Дейв имел в виду беглецов в машине.
— Каждый о своем, — вздохнул Мьюзек.
Несколько мгновений слышалось лишь посапывание трубки, потом он добавил:
— И каждый воображает, что он прав.
Гэллоуэй взглянул на часы и поспешно включил приемник.
— Вы бы присели.
— Да-да. Я весь день на ногах. Не сидится.
Всякий раз, стоило ему сесть, в ногах начиналась дрожь, и все тело наполнялось ощущением тоски и беспокойства. Ни с того ни с сего у него вырвалось:
— Доктор Ван Хорн, наверно, расстраивается...
Он не объяснил, почему, хотя по лицу Мьюзека видел, что тот ничего не знает про историю с пистолетом.
— Через несколько минут слушайте наш очередной выпуск новостей.
Сперва пустили рекламу.
— В последнюю минуту нам стало известно, что Бен Гэллоуэй, шестнадцатилетний убийца, к которому отец обратился в предыдущей нашей передаче...
Они затаили дыхание.
— ...вместе с сообщницей примерно в то время, когда звучало сообщение, явился в дом к мировому судье Браунстауна на границе штатов Индиана и Иллинойс и попросил сейчас же сочетать их браком. Судья незадолго до того случайно услышал по радио приметы преступников. Сделав вид, что идет за необходимыми документами, он вышел в другую комнату и бросился к телефону.
Но прежде чем его соединили с шерифом, он услышал шум мотора и понял, что молодые люди, разгадав его намерение, обратились в бегство.
Итак, известно, где их искать. Кроме того, установлено, что синий «олдсмобил» за последние двадцать четыре часа проделал куда более длинный путь, чем предполагалось, и Бен Гэллоуэй практически все время был за рулем.
Полиция штата Иллинойс установила наблюдение за всеми пересечениями дорог, и вскоре преступники будут наверняка задержаны.
Заметил ли Мьюзек, что, слушая передачу, Гэллоуэй в какой-то миг не сумел удержаться от легкой, чуть заметной улыбки? В ней не было ни удовлетворения, ни насмешки. Она вообще почти ничего не значила. Просто Дейв почувствовал, как между ним и Беном протянулась связь. Он прикрыл глаза, чтобы вернуть это ощущение, но оно уже рассеялось - эфемерное, неосязаемое, как ветерок. Только двое мужчин по-прежнему сидели в креслах.

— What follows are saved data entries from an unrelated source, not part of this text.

theorem mainTheorem10:
  shows "(\<forall>(la::real) (mu::real). 0 < la \<longrightarrow> 0 < mu \<longrightarrow>
            (wd_le (real_law (poisson_pmf la)) (real_law (poisson_pmf mu)) \<longleftrightarrow> la \<le> mu))
       \<and> (\<forall>(m::nat) (n::nat) (p::real). 0 < p \<longrightarrow> p < 1 \<longrightarrow>
            (wd_le (real_law (binomial_pmf m p)) (real_law (binomial_pmf n p)) \<longleftrightarrow> m \<le> n))
       \<and> (\<forall>(r::real) (s::real) (p::real). 0 < r \<longrightarrow> 0 < s \<longrightarrow> 0 < p \<longrightarrow> p < 1 \<longrightarrow>
            (wd_le (real_law (neg_binomial_pmf r p)) (real_law (neg_binomial_pmf s p)) \<longleftrightarrow> r \<le> s))"
proof (intro conjI allI impI)
  fix la mu :: real assume "0 < la" "0 < mu"
  then show "wd_le (real_law (poisson_pmf la)) (real_law (poisson_pmf mu)) \<longleftrightarrow> la \<le> mu"
    by (intro wd_le_iff_of_conv_semigroup conv_pmf_poisson) simp_all
next
  fix m n :: nat and p :: real assume "0 < p" "p < 1"
  then show "wd_le (real_law (binomial_pmf m p)) (real_law (binomial_pmf n p)) \<longleftrightarrow> m \<le> n"
    by (rule wd_le_binomial_iff)
next
  fix r s p :: real assume "0 < r" "0 < s" "0 < p" "p < 1"
  then show "wd_le (real_law (neg_binomial_pmf r p)) (real_law (neg_binomial_pmf s p)) \<longleftrightarrow> r \<le> s"
    by (intro wd_le_iff_of_conv_semigroup[where F = "\<lambda>r. neg_binomial_pmf r p"]
        conv_pmf_neg_binomial pmf_neg_binomial_pmf_pos)
qed

end
(* Let $\mathcal P$ be an energy timed path from $s_0$ to $s_n$ and $E$ an energy constraint. Then the energy relation $\mathcal R^E_{\mathcal P}$ is a closed convex subset of $E\times E$ and can be described by a finite conjunction of non-strict linear inequalities with rational coefficients over $(w_0,w_1)$. Consequently, for every $I\in\mathcal I(E)$, both $\mathcal R^E_{\mathcal P}(I)$ and $(\mathcal R^E_{\mathcal P})^{-1}(I)$ belong to $\mathcal I(E)$. The same holds for any finite composition $\mathcal R^E_{\mathcal P_k}\circ\cdots\circ\mathcal R^E_{\mathcal P_1}$ of such energy relations.
   Context: An energy timed automaton (ETA) is a tuple $\langle S,S_0,X,\mathrm{Inv},r,T\rangle$ where $S$ is a finite set of states, $S_0\subseteq S$ the initial states, $X$ a finite set of clocks, $\mathrm{Inv}$ assigns to each state an invariant which is a conjunction of closed (non-strict) clock constraints $x\bowtie c$ with $\bowtie\in\{\le,\ge,=\}$ and $c$ rational, $r\colon S\to\mathbb Q$ assigns an energy rate to each state, and $T$ is a finite set of transitions $(s,g,u,z,s')$ with $g$ a closed clock constraint (guard), $u\in\mathbb Q$ an energy update, and $z\subseteq X$ a set of clocks to reset. Given transitions $t_i=(s_i,g_i,u_i,z_i,s_{i+1})$, $0\le i<n$, a finite run is a sequence of configurations $(\ell_j,v_j,w_j)_{0\le j\le 2n}$ for which there exist delays $d_i\ge 0$ with: $\ell_{2j}=\ell_{2j+1}=s_j$, $\ell_{2n}=s_n$; $v_{2j+1}=v_{2j}+d_j$, $v_{2j+2}=v_{2j+1}[z_j\to0]$; $v_{2j}\models\mathrm{Inv}(s_j)$, $v_{2j+1}\models \mathrm{Inv}(s_j)\wedge g_j$; $w_{2j+1}=w_{2j}+d_j\,r(s_j)$, $w_{2j+2}=w_{2j+1}+u_j$. An energy constraint is a closed interval $E$ with rational bounds; a run satisfies $E$ if all its energy levels lie in $E$. $\mathcal I(E)$ is the set of closed subintervals of $E$ (including $\emptyset$). An energy timed path (ETP) from $s_0$ to $s_n$ is an ETA with states $s_0,\dots,s_n$, initial state $s_0$, and exactly one transition from $s_i$ to $s_{i+1}$ for each $i<n$. The energy relation $\mathcal R^E_{\mathcal P}(w_0,w_1)$ holds iff there is a finite run of $\mathcal P$ from $(s_0,\mathbf 0,w_0)$ to $(s_n,\mathbf 0,w_1)$ satisfying $E$. For $I\in\mathcal I(E)$: $\mathcal R(I)=\{w_1\in E\mid\exists w_0\in I.\ \mathcal R(w_0,w_1)\}$, $\mathcal R^{-1}(I)=\{w_0\in E\mid \exists w_1\in I.\ \mathcal R(w_0,w_1)\}$. *)

theory Defs
  imports "HOL-Analysis.Analysis"
begin

(* Clock set X is modelled as a finite type 'c; valuations are 'c \<Rightarrow> real. *)

datatype cmp = CLe | CGe | CEq

type_synonym 'c atom = "'c \<times> cmp \<times> rat"
type_synonym 'c clkc = "'c atom list"

fun sat_atom :: "('c \<Rightarrow> real) \<Rightarrow> 'c atom \<Rightarrow> bool" where
  "sat_atom v (x, CLe, c) = (v x \<le> of_rat c)"
| "sat_atom v (x, CGe, c) = (v x \<ge> of_rat c)"
| "sat_atom v (x, CEq, c) = (v x = of_rat c)"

Эта ночь прошла, как в поезде, когда то дремлешь, то забываешься беспокойным сном, сквозь который пробивается мерный стук колес и шум на остановках, шипение пара, звяканье молотка, которым смазчик простукивает оси, перекличка незнакомых голосов на платформах.
Когда Мьюзек тронул его за плечо, Дейв сразу понял, что он не в постели, а в кресле, и друг будит его, чтобы вместе послушать двенадцатичасовой выпуск новостей. Он подумал, удалось ли Мьюзеку тоже соснуть, но спросить не решился. Протер глаза. Виски в бутылке заметно поубавилось.
Лампы в приемнике уже накалились. Из тишины выплывали голоса, постепенно становясь все громче. Пришлось приглушить звук. Шел конец какого-то радиоспектакля: мужчина и женщина твердили, что надо как-то налаживать совместную жизнь. Рекламу Дейв пропустил мимо ушей.
— Леди и джентльмены, четверть часа назад, в специальном выпуске последних известий, мы уже сообщали...
Ни Мьюзеку, ни ему не пришло в голову, что могут передать специальный выпуск. Они слушали только то, что было в программе.
— ...что преследование шестнадцатилетнего убийцы Бена Гэллоуэя, длившееся почти сутки, сегодня около одиннадцати вечера, наконец, закончилось на одной из ферм штата Индиана, где беглецы, угрожая хозяевам оружием, хотели найти укрытие. Между преступниками и преследователями завязалась перестрелка. Сержант полиции получил пулю в бедро. Бен Гэллоуэй и его пятнадцатилетняя сообщница Лилиан Хоукинс, невредимые, отправлены в Индианаполис. Более подробная информация - завтра, в утренних газетах.
Наверно, его реакция несколько удивила Мьюзека. Гэллоуэй вздохнул с облегчением. Нервное напряжение спало. Он встал, протер глаза, огляделся с таким видом, словно ему отвратительно все, в чем он увязал с самого утра. С этим покончено - не надо больше ждать, маяться неизвестностью. Первой его мыслью было, что перед отъездом хорошо бы принять ванну и побриться. Ему казалось, что от него разит потом.
— Спущусь в мастерскую, позвоню в аэропорт, — объявил он.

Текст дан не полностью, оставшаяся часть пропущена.